- _About this exercise_: Would you work out how many lines below include the word "chain"? Only that number is wanted.

- _Entries supplied_:
******
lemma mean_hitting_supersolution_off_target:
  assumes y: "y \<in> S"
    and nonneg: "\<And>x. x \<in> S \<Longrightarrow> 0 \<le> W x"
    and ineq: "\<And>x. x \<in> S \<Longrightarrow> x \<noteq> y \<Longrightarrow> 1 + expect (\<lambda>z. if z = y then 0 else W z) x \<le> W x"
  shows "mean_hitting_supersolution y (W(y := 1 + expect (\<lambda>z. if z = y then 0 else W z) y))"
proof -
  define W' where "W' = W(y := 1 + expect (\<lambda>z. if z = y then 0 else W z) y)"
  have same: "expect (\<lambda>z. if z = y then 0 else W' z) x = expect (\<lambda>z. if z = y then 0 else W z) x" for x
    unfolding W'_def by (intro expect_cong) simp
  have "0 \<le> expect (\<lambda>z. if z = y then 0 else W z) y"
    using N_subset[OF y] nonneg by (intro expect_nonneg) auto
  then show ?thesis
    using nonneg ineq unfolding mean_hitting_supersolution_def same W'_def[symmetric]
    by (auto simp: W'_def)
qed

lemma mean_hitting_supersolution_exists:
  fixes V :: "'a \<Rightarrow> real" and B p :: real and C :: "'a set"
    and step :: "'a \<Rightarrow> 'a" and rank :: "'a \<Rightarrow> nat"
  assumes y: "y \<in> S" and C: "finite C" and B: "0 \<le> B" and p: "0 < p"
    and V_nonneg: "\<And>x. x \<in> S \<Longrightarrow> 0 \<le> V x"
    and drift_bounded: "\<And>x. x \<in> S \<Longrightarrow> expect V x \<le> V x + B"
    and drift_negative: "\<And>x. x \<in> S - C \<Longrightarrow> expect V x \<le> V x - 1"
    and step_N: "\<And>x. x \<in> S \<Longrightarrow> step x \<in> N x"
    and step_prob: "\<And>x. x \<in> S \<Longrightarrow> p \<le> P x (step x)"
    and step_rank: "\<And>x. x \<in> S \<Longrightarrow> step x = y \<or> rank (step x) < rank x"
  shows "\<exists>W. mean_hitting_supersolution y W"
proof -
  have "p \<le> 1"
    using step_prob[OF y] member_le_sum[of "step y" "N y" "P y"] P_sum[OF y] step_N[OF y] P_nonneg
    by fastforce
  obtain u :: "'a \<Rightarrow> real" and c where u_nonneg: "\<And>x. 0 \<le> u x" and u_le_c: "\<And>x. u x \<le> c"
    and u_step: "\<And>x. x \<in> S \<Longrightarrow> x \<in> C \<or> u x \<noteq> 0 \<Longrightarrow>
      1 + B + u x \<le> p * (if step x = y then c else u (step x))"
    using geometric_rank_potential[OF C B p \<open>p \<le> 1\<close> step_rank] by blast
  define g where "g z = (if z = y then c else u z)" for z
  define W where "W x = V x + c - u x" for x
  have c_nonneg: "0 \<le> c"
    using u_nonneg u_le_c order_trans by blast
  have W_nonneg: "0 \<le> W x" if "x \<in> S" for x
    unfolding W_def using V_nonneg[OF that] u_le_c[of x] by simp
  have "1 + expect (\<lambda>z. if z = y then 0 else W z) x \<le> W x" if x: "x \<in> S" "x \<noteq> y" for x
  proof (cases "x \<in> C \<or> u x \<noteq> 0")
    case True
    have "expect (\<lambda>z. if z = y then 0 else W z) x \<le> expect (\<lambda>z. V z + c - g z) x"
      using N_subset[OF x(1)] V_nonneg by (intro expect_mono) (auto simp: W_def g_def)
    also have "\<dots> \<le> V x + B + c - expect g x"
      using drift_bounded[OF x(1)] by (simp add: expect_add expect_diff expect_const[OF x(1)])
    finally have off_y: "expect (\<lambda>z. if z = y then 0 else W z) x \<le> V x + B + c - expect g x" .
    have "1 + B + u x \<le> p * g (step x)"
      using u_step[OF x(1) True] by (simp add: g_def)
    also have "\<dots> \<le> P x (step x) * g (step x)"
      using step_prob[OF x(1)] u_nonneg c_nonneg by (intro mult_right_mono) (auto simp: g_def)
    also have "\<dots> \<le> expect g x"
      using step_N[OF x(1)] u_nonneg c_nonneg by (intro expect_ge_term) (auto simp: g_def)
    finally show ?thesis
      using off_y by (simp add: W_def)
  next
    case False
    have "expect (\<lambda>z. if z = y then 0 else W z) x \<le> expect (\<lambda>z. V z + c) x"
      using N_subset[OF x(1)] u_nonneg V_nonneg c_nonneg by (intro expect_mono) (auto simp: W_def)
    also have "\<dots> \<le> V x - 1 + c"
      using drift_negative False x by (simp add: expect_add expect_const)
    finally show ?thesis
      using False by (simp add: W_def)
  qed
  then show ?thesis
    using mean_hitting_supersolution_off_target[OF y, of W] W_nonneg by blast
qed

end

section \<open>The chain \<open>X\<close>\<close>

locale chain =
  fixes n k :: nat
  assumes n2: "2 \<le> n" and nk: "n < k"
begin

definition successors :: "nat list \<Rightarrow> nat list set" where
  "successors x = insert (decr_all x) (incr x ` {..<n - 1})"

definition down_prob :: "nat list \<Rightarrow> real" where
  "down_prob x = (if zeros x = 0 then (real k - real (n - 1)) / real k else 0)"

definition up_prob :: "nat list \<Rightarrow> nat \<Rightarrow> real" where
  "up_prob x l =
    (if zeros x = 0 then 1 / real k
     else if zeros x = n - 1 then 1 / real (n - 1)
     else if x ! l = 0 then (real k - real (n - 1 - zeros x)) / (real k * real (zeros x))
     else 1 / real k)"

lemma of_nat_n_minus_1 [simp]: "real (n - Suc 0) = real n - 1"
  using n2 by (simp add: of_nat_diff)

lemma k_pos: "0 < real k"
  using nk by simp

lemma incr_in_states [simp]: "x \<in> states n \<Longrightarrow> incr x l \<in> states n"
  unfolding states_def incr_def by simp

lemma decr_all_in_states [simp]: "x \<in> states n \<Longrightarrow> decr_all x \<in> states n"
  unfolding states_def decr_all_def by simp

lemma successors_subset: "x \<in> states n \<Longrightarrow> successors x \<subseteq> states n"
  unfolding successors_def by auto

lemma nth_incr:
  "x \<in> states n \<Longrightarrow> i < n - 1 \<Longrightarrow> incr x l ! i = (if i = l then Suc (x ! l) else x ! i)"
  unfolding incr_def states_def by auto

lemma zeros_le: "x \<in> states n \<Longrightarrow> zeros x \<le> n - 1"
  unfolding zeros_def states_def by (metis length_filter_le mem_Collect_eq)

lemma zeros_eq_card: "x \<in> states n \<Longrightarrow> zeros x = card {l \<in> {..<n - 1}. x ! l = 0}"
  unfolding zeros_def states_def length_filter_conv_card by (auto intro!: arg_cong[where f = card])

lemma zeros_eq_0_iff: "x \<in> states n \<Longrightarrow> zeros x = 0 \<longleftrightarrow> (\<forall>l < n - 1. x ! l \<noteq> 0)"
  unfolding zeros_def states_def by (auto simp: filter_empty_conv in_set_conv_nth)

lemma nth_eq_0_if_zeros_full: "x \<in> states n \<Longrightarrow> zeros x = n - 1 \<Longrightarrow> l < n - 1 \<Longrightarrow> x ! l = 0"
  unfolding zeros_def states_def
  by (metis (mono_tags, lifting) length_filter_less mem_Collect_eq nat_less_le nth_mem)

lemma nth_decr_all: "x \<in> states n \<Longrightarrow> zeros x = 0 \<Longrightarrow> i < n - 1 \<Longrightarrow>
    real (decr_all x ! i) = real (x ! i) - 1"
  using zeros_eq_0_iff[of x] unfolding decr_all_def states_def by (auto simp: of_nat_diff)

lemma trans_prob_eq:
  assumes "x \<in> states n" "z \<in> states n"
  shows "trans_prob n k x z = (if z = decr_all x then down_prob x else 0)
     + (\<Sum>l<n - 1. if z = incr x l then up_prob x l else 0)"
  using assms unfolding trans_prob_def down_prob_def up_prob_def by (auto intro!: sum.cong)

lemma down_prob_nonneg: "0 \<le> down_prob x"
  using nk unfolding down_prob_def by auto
******
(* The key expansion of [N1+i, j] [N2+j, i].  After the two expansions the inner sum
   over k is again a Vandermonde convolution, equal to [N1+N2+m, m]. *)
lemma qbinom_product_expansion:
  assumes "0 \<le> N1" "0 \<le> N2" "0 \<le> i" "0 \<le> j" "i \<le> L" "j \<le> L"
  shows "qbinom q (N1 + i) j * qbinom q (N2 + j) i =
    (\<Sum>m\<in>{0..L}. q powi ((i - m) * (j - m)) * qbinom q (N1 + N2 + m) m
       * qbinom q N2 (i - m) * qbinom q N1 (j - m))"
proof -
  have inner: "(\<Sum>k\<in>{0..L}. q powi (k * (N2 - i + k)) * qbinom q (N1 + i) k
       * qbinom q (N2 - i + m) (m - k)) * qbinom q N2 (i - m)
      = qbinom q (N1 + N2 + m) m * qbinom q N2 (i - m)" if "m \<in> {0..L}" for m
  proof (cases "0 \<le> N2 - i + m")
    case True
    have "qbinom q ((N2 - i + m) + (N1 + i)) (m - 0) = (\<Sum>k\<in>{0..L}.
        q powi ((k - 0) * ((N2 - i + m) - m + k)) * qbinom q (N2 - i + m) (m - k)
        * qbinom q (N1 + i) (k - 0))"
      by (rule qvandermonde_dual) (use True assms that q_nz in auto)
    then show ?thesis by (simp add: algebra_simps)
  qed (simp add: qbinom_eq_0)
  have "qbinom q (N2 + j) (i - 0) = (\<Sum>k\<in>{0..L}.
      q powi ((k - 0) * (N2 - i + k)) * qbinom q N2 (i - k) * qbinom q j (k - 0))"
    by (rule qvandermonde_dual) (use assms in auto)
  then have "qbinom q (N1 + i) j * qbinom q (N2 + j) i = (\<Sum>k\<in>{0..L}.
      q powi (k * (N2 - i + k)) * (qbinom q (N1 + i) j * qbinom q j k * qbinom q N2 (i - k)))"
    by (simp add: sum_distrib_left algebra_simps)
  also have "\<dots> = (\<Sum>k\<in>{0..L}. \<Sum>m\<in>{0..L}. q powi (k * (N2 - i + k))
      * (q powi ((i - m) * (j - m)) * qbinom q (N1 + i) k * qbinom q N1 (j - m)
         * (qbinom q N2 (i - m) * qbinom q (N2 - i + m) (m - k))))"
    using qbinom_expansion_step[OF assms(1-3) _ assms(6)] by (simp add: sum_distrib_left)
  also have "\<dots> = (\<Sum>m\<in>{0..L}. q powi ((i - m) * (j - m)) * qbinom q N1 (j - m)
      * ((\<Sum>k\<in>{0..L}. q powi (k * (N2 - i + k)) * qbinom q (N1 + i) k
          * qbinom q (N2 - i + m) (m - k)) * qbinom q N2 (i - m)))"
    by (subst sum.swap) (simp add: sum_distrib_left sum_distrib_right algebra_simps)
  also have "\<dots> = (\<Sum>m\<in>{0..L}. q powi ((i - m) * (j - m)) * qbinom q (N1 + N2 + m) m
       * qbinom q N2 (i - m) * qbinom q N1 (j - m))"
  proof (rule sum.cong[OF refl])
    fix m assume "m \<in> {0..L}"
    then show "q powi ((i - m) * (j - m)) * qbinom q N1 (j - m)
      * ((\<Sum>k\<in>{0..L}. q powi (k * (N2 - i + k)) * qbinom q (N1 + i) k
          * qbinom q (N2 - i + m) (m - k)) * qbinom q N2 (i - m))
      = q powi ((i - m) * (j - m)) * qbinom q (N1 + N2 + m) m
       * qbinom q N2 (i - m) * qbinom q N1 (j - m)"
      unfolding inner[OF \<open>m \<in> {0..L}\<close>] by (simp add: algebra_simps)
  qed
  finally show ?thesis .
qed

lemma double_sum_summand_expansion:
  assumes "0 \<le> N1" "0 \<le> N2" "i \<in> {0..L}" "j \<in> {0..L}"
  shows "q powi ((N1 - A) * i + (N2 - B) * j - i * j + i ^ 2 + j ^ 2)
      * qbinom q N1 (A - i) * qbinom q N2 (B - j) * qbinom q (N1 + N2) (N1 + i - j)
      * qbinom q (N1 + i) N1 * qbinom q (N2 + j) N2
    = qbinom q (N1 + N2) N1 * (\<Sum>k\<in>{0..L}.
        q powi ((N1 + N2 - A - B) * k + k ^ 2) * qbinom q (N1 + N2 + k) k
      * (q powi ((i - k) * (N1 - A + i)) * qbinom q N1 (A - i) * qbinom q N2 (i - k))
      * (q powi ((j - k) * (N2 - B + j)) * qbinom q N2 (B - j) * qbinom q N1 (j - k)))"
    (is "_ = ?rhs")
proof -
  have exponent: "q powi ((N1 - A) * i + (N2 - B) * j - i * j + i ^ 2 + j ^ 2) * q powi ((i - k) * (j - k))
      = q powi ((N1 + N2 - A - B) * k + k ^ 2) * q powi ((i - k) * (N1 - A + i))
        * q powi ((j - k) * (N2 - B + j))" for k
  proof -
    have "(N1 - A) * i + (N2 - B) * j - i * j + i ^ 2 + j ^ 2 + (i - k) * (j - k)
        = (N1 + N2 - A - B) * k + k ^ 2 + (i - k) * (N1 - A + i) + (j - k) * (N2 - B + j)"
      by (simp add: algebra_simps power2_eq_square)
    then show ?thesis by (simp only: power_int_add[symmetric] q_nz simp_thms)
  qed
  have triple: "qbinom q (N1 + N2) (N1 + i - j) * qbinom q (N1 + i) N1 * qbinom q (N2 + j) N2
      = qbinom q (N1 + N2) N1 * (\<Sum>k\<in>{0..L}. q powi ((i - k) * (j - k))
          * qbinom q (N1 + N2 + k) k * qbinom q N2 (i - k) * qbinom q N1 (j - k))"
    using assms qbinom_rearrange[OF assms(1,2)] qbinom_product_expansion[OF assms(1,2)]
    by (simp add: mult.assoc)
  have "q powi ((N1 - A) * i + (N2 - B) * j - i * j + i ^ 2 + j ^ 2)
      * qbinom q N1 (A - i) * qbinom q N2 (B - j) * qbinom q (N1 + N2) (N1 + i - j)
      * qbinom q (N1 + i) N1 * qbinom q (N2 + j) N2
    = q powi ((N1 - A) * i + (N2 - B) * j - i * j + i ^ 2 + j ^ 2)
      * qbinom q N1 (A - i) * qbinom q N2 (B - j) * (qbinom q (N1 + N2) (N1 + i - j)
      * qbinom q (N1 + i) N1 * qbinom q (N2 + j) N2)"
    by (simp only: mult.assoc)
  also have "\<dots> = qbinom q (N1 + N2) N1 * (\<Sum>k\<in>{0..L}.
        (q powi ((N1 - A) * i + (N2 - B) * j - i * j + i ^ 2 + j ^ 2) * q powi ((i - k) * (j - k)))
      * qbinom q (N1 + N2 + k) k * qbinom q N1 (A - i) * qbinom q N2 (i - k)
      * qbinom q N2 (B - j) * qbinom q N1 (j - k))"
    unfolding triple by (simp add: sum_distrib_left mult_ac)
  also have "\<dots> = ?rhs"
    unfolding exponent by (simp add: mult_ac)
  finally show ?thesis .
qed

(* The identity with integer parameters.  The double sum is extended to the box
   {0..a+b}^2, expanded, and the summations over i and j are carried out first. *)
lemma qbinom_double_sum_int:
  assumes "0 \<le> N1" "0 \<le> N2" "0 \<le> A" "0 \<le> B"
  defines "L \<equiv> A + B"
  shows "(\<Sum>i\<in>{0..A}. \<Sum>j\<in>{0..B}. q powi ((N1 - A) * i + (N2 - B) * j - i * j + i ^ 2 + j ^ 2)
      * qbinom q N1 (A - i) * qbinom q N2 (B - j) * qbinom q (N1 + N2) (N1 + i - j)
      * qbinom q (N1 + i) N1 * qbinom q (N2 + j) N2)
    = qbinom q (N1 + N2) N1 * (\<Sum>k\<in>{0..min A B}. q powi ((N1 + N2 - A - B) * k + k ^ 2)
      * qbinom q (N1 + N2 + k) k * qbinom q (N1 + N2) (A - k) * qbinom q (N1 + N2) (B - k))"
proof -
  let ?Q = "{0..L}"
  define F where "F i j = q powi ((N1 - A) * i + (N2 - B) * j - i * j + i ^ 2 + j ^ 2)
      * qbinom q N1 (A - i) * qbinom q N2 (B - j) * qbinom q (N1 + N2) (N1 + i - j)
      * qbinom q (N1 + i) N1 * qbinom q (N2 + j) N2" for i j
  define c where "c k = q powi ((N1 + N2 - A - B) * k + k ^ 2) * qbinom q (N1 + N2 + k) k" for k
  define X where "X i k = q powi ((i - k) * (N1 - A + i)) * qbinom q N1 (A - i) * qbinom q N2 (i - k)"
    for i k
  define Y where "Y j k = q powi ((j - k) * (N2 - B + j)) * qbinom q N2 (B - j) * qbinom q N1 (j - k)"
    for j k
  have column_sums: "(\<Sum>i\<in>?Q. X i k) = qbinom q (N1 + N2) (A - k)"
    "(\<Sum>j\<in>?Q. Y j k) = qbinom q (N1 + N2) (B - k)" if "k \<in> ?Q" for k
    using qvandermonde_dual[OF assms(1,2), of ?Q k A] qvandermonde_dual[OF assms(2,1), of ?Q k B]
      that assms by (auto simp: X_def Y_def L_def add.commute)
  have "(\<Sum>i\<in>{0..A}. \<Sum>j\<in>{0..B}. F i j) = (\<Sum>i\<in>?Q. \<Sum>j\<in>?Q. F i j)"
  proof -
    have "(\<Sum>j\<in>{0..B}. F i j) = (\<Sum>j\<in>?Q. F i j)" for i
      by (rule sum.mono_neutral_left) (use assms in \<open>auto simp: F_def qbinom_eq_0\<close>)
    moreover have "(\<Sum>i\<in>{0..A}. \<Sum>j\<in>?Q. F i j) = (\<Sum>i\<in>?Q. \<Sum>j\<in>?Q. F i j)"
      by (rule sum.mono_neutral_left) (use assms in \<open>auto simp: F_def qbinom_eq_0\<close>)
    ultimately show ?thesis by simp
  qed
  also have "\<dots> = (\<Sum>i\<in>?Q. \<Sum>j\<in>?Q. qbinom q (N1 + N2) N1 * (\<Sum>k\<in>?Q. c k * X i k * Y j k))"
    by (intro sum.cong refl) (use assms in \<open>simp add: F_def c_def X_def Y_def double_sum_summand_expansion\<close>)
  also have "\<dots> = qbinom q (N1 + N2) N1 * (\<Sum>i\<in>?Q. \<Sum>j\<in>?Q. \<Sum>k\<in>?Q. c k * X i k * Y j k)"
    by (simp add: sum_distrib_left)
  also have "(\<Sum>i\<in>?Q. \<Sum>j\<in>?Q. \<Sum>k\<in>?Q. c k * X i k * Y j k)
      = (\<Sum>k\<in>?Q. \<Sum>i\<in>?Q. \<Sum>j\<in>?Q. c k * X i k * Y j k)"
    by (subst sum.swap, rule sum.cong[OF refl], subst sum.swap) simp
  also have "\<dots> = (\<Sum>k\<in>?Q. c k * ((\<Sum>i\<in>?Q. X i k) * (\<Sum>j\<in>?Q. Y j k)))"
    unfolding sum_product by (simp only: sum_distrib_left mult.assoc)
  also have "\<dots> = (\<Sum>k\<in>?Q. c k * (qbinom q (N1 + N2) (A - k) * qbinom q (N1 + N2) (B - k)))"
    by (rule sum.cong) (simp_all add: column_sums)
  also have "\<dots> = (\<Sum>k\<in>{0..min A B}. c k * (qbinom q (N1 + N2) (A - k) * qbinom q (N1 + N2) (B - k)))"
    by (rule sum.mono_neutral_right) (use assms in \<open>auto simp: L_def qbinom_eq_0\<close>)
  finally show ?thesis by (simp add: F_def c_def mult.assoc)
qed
******
- _Answer to the problem_: 2